***** Dataset records *****
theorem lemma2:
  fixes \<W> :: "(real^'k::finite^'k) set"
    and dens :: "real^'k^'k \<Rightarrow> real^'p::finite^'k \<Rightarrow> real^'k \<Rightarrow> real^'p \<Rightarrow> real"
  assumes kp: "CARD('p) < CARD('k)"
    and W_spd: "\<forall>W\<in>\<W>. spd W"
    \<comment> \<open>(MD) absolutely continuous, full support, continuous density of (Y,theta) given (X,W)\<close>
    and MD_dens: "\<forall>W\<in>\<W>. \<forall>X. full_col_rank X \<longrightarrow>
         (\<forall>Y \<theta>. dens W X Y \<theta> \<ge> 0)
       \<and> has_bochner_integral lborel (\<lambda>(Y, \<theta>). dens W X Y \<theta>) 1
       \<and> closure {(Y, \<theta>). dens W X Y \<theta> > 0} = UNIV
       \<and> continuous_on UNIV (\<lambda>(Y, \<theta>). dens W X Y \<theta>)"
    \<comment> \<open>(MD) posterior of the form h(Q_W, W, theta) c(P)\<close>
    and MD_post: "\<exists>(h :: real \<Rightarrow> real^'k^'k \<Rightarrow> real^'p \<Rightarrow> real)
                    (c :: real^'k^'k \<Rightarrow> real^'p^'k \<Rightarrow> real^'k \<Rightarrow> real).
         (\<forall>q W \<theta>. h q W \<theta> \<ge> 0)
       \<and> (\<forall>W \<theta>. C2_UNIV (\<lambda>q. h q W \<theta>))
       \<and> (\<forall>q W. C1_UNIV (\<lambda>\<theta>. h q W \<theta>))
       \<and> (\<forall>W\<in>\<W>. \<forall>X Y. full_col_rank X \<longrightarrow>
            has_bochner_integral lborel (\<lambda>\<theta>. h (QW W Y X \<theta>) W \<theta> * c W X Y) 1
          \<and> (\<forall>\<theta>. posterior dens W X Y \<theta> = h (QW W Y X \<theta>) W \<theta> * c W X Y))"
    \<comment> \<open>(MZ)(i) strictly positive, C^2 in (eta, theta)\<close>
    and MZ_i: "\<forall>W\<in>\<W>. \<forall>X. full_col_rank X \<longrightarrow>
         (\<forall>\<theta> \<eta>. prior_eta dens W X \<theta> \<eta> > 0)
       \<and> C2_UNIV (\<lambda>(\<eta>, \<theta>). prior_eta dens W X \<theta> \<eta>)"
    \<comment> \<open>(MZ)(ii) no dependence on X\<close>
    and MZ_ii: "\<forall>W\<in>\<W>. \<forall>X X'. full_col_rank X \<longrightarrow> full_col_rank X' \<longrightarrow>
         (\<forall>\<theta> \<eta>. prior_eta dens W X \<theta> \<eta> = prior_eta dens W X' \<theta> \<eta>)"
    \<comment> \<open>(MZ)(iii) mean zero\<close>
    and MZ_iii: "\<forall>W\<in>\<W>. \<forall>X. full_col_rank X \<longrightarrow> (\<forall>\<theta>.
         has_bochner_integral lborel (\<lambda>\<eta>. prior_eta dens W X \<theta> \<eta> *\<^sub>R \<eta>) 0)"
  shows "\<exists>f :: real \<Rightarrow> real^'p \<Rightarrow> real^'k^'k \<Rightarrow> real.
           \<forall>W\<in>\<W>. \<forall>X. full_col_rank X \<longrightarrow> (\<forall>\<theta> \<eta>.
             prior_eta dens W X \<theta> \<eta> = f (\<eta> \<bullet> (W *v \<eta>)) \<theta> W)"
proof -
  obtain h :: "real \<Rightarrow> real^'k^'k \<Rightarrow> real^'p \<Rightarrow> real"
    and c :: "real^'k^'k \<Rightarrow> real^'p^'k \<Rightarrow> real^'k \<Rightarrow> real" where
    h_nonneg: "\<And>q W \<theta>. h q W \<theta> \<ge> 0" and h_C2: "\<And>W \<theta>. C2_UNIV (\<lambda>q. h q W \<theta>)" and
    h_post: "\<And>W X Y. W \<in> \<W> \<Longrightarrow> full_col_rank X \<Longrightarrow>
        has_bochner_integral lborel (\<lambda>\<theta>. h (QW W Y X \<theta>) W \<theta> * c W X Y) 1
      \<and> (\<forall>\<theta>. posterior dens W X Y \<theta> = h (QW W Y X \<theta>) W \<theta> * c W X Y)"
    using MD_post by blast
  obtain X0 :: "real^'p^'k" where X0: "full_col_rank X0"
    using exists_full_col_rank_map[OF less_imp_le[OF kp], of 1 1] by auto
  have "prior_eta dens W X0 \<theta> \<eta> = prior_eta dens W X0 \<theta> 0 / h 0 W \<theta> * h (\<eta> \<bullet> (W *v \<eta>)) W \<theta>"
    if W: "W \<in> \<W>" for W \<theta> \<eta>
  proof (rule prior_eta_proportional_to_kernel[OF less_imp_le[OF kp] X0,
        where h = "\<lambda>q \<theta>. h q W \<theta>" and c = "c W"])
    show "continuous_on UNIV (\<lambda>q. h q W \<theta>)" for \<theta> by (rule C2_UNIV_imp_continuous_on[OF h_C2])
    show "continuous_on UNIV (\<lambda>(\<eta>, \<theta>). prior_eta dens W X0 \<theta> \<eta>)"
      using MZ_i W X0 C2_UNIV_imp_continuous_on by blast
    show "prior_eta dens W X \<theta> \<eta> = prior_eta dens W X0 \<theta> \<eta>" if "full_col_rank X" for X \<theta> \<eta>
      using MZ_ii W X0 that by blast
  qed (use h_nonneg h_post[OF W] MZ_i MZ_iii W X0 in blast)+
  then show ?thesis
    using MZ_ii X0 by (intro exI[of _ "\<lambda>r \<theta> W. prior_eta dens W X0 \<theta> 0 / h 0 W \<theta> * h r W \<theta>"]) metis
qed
*****
***** Dataset records *****
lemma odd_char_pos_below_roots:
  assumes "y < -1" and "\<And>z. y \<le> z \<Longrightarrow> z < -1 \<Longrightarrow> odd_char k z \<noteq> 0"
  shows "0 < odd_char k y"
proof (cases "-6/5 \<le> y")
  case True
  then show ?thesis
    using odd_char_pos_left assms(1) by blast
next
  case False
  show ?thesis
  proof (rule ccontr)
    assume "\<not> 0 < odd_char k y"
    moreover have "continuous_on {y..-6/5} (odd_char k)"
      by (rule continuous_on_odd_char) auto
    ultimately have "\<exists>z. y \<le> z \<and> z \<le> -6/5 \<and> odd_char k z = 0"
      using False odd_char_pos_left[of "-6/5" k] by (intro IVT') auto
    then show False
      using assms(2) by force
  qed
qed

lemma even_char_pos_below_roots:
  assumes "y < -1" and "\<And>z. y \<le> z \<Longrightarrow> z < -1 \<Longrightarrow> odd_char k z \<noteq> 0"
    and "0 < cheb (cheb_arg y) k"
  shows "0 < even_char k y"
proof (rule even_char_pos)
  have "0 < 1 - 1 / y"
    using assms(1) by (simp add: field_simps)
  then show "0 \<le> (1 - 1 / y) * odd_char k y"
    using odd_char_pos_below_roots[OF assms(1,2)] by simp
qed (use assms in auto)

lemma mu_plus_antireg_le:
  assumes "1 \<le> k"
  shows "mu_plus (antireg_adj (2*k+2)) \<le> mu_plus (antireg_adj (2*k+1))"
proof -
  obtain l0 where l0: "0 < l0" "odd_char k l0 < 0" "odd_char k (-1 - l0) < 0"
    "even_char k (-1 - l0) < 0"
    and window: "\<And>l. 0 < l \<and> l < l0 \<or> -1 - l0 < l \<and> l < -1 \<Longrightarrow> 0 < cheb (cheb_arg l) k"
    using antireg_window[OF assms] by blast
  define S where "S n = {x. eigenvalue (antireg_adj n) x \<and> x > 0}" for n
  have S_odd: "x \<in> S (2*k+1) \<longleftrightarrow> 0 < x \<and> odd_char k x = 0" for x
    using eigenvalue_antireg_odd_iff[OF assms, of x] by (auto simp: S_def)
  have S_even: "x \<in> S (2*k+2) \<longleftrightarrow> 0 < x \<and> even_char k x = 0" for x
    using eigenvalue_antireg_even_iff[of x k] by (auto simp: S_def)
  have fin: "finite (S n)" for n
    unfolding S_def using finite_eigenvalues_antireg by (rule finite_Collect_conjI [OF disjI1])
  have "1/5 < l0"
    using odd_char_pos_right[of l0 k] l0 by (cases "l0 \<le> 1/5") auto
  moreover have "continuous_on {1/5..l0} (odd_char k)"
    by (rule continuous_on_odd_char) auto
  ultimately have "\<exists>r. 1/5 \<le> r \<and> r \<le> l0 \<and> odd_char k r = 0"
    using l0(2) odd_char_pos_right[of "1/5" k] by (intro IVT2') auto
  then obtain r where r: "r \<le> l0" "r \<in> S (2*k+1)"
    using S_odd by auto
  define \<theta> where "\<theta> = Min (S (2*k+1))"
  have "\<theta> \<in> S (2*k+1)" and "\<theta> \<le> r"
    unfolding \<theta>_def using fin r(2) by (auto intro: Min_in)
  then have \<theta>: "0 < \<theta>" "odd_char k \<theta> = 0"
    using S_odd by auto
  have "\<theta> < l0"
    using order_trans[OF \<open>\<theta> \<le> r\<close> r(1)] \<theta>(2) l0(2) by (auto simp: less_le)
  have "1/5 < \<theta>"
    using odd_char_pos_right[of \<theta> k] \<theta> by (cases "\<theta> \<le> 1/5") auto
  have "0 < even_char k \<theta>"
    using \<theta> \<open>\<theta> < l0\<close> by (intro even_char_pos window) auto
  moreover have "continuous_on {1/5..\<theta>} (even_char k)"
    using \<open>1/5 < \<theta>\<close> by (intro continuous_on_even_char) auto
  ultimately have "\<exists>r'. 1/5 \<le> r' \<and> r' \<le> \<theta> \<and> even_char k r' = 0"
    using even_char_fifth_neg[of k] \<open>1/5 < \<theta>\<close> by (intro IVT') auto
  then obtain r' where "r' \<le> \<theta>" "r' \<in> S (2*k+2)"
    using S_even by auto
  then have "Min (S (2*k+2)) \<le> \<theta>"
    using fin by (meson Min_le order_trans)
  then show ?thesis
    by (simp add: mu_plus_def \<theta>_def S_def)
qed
*****
__What you will do__
Read through the entries, then copy every line where the string "assumes" is found.

__Result of the task__
  assumes kp: "CARD('p) < CARD('k)"
  assumes "y < -1" and "\<And>z. y \<le> z \<Longrightarrow> z < -1 \<Longrightarrow> odd_char k z \<noteq> 0"
  assumes "y < -1" and "\<And>z. y \<le> z \<Longrightarrow> z < -1 \<Longrightarrow> odd_char k z \<noteq> 0"
  assumes "1 \<le> k"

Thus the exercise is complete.